Признание в любви (памяти Льва Наумова)
№ 2 (1322), февраль 2015
Десять лет назад я попросила В. В. Горностаеву написать о Л. Н. Наумове (1925–2005). Поговорить о нем, поделиться своими чувствами ей очень хотелось, а писать было некогда. По ее просьбе я приехала к ней домой, и из ее рассказа получился теплый портрет только что ушедшего коллеги и друга, который мы опубликовали («РМ», 2005, № 6, октябрь). Сегодня этот монолог может быть интересен читателям и потому, что Московская консерватория широко отмечает 90-летие Л. Н. Наумова, и потому, что он воспринимается как тонкая зарисовка самой Веры Васильевны, так внезапно покинувшей нас…
Т. Курышева
Пытаюсь вспомнить сейчас, когда же мы все-таки познакомились… Я поступила к Нейгаузу в 1948 году… Да, тогда же и познакомились!
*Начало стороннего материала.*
lemma ract_add_left: "ract (y + y') p = ract y p + ract y' p"
  unfolding ract_def by (simp add: rm_add_left scaleC_add_right algebra_simps)

lemma ract_add_right: "ract y (p + p') = ract y p + ract y p'"
  unfolding ract_def by (simp add: rm_add_right scaleC_add_left algebra_simps)

lemma ract_scaleC_left: "ract (scaleC c y) p = scaleC c (ract y p)"
  unfolding ract_def by (simp add: rm_scaleC_left scaleC_add_right scaleC_scaleC mult.commute)

lemma ract_uscale_right: "ract y (uscale c p) = scaleC c (ract y p)"
  unfolding ract_def uscale_def by (simp add: rm_scaleC_right scaleC_add_right scaleC_scaleC)

lemma ract_unit [simp]: "ract y (0, 1) = y"
  unfolding ract_def by (simp add: scaleC_one)

lemma ract_bound:
  obtains K where "K \<ge> 0" "\<And>y p. norm (ract y p) \<le> K * (norm y * unorm p)"
proof -
  obtain K where K: "\<And>a x. norm (rm x a) \<le> K * norm a * norm x"
    using bimod unfolding banach_bimodule_def by blast
  have "norm (ract y p) \<le> (\<bar>K\<bar> + 1) * (norm y * unorm p)" for y p
  proof -
    have "norm (rm y (fst p)) \<le> \<bar>K\<bar> * norm (fst p) * norm y"
    proof -
      have "K * norm (fst p) * norm y \<le> \<bar>K\<bar> * norm (fst p) * norm y"
        by (intro mult_right_mono) auto
      then show ?thesis using K[where a = "fst p" and x = y] by linarith
    qed
    then have "norm (ract y p) \<le> \<bar>K\<bar> * norm (fst p) * norm y + cmod (snd p) * norm y"
      unfolding ract_def using norm_triangle_ineq[of "rm y (fst p)" "scaleC (snd p) y"]
      by (simp add: norm_scaleC)
    also have "\<dots> \<le> (\<bar>K\<bar> + 1) * (norm y * unorm p)"
      unfolding unorm_def by (simp add: algebra_simps)
    finally show ?thesis .
  qed
  then show ?thesis by (intro that[of "\<bar>K\<bar> + 1"]) auto
qed

lemma d_bound:
  obtains K where "K \<ge> 0" "\<And>a. norm (d a) \<le> K * norm a"
proof -
  obtain K where K: "\<And>a. norm (d a) \<le> K * norm a"
    using der unfolding bounded_derivation_def by blast
  have "norm (d a) \<le> \<bar>K\<bar> * norm a" for a
  proof -
    have "K * norm a \<le> \<bar>K\<bar> * norm a" by (intro mult_right_mono) auto
    then show ?thesis using K[of a] by linarith
  qed
  then show ?thesis by (intro that[of "\<bar>K\<bar>"]) auto
qed

text \<open>Centrality turns the term w\<cdot>d(a) of d(w a) into d(a)\<cdot>w.\<close>
lemma ract_d_umult:
  "ract (d (fst (umult q (a, 0)))) p = ract (d (fst q)) (umult (a, 0) p) + ract (d a) (umult q p)"
proof -
  obtain v l w m where p: "p = (v, l)" and q: "q = (w, m)" by fastforce
  have "d (fst (umult q (a, 0))) = rm (d a) w + rm (d w) a + scaleC m (d a)"
    unfolding q umult_def by (simp add: d_add d_scaleC d_mult d_central)
  then show ?thesis
    unfolding p q umult_def ract_def
    by (simp add: rm_add_left rm_add_right rm_scaleC_left rm_scaleC_right rm_mult
        scaleC_add_right scaleC_scaleC algebra_simps)
qed

lemma bounded_ulinear_ract:
  assumes f: "bounded_cfunctional f"
  shows "bounded_ulinear (\<lambda>p. f (ract y p))"
proof -
  obtain C where "C \<ge> 0" and C: "\<And>x. cmod (f x) \<le> C * norm x"
    using bounded_cfunctional_bound[OF f] by blast
  obtain K where "K \<ge> 0" and K: "\<And>y p. norm (ract y p) \<le> K * (norm y * unorm p)"
    using ract_bound by blast
  have "cmod (f (ract y p)) \<le> (C * K * norm y) * unorm p" for p
  proof -
    have "cmod (f (ract y p)) \<le> C * norm (ract y p)" by (rule C)
    also have "\<dots> \<le> C * (K * (norm y * unorm p))"
      using \<open>C \<ge> 0\<close> by (intro mult_left_mono K)
    finally show ?thesis by (simp add: algebra_simps)
  qed
  then show ?thesis
    unfolding bounded_ulinear_def
    by (auto simp: bounded_cfunctionalD[OF f] ract_add_right ract_uscale_right)
qed

lemma bounded_ubilinear_ract_d:
  assumes f: "bounded_cfunctional f"
  shows "bounded_ubilinear (\<lambda>p q. f (ract (d (fst q)) p))"
proof -
  obtain C where "C \<ge> 0" and C: "\<And>x. cmod (f x) \<le> C * norm x"
    using bounded_cfunctional_bound[OF f] by blast
  obtain K where "K \<ge> 0" and K: "\<And>y p. norm (ract y p) \<le> K * (norm y * unorm p)"
    using ract_bound by blast
  obtain Kd where "Kd \<ge> 0" and Kd: "\<And>a. norm (d a) \<le> Kd * norm a"
    using d_bound by blast
  have "cmod (f (ract (d (fst q)) p)) \<le> (C * K * Kd) * (unorm p * unorm q)" for p q
  proof -
    have "norm (d (fst q)) \<le> Kd * unorm q"
    proof -
      have "Kd * norm (fst q) \<le> Kd * unorm q"
        using \<open>Kd \<ge> 0\<close> by (intro mult_left_mono) (auto simp: unorm_def)
      then show ?thesis using Kd[of "fst q"] by linarith
    qed
    have "cmod (f (ract (d (fst q)) p)) \<le> C * norm (ract (d (fst q)) p)" by (rule C)
    also have "\<dots> \<le> C * (K * (norm (d (fst q)) * unorm p))"
      using \<open>C \<ge> 0\<close> by (intro mult_left_mono K)
    also have "\<dots> \<le> C * (K * ((Kd * unorm q) * unorm p))"
      using \<open>C \<ge> 0\<close> \<open>K \<ge> 0\<close> \<open>norm (d (fst q)) \<le> Kd * unorm q\<close>
      by (intro mult_left_mono mult_right_mono unorm_nonneg) auto
    finally show ?thesis by (simp add: algebra_simps)
  qed
  moreover have "f (ract (d (fst (uscale c q))) p) = c * f (ract (d (fst q)) p)" for c p q
    unfolding uscale_def by (simp add: d_scaleC ract_scaleC_left bounded_cfunctionalD[OF f])
  ultimately show ?thesis
    by (intro bounded_ubilinearI)
      (simp_all add: bounded_cfunctionalD[OF f] ract_add_left ract_add_right ract_uscale_right d_add)
qed
(* Let $a,b,d<0$ and $c>0$ and let $\{W_n(z)\}_{n\ge0}$ be the normalised sequence defined below. Then \[ x_\Delta^-<x_A<0<x_B\qquad\text{and}\qquad x_A<x_\Delta^+<x_B, \] and $A(x_\Delta^-)>0>A(x_\Delta^+)$. For every $n\ge1$: $(-1)^{\lceil n/2\rceil}W_n(x_A)>0$, $(-1)^nW_n(x_B)<0$, and $W_n(x_\Delta^-)<0$. Furthermore: (i) If $c\le c^-$, then $x_\Delta^+\le x_g^-\le x_g^+<0$, $(-1)^nW_n(x_g^\pm)>0$ for $n\ge1$, and \[ (-1)^nW_n(x_\Delta^+)\begin{cases}<0,&\text{if }\Delta_\Delta>\Delta_g\text{ and }n>n^+,\\ =0,&\text{if }\Delta_\Delta>\Delta_g\text{ and }n=n^+,\\ >0,&\text{otherwise.}\end{cases} \] (ii) If $c\ge c^+$, then $x_B<x_g^-$, $W_n(x_g^\pm)>0$ for $n\ge1$, and $(-1)^nW_n(x_\Delta^+)<0$ for all $n\ge2$.
   Context: Let $a,b,c,d\in\mathbb{R}$ with $ac\ne0$, and put $A(z)=az+b$, $B(z)=cz+d$. The normalised sequence $\{W_n(z)\}_{n\ge0}$ is defined by $W_0(z)=1$, $W_1(z)=z$ and $W_n(z)=A(z)W_{n-1}(z)+B(z)W_{n-2}(z)$ for $n\ge2$. Notation (for $a,b,d<0<c$): - $\Delta_\Delta=-a^2d+abc+c^2$ (which is $>0$) and $x_\Delta^\pm=\dfrac{-ab-2c\pm2\sqrt{\Delta_\Delta}}{a^2}$ (zeros of $A(z)^2+4B(z)$). - $g(z)=(1-a)z^2-(b+c)z-d$, $\Delta_g=(b+c)^2+4d(1-a)$, $x_g^\pm=\dfrac{b+c\pm\sqrt{\Delta_g}}{2(1-a)}$ (zeros of $g$, real iff $c\le c^-$ or $c\ge c^+$). - $c^\pm=\pm2\sqrt{d(a-1)}-b$. - $x_A=-b/a$, $x_B=-d/c$, $h(z)=(2-a)z-b$, $n^+=-A(x_\Delta^+)/h(x_\Delta^+)$ (defined when $h(x_\Delta^+)\neq0$, in particular when $\Delta_\Delta>\Delta_g$). *)

theory Defs
  imports Complex_Main
begin

fun W :: "real \<Rightarrow> real \<Rightarrow> real \<Rightarrow> real \<Rightarrow> nat \<Rightarrow> real \<Rightarrow> real" where
  "W a b c d 0 z = 1"
| "W a b c d (Suc 0) z = z"
| "W a b c d (Suc (Suc n)) z =
     (a * z + b) * W a b c d (Suc n) z + (c * z + d) * W a b c d n z"

definition DeltaD :: "real \<Rightarrow> real \<Rightarrow> real \<Rightarrow> real \<Rightarrow> real" where
  "DeltaD a b c d = - (a^2 * d) + a * b * c + c^2"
У Лёвы очень интересная судьба. Он учился как композитор. Композиторы должны проходить общее фортепиано, и он учился по «общему фортепиано»… у Нейгауза. Ходил на уроки и был полноценным учеником класса Нейгауза, играл на классных вечерах, даже на конкурсе играл… Нейгауз его очень любил, выделял, это было заметно во всем. Потом, он же играл необыкновенно хорошо! Я помню его Четвертый концерт Бетховена, g-moll’ную Английскую сюиту Баха… А в первый раз я слышала, как он играл в Малом зале Прелюдии Кабалевского, которые в его исполнении показались мне тогда совершенно гениальной музыкой.
Лёва жил в своем особом мире. А реальный мир возник, когда появилась Ира и стала как бы стержнем всех его дел. Мы учились с Ирой на одном курсе. Она была дружна со Светиком – так звали в детстве Рихтера (они оба из Житомира). Слава помог ей устроиться в консерваторию к Нейгаузу.
Как-то Ира рассказала мне по секрету, что влюблена в Лёву. Я ответила: «Я тоже». В него было очень сложно не влюбиться. Это чувствовалось с первого момента знакомства с ним. В нем не было распущенности, развязности, часто свойственной студенчеству. Неразговорчивый, замкнутый, но когда улыбался, вдруг освещалось, озарялось лицо. До последних дней в нем была красота и благородство во всем…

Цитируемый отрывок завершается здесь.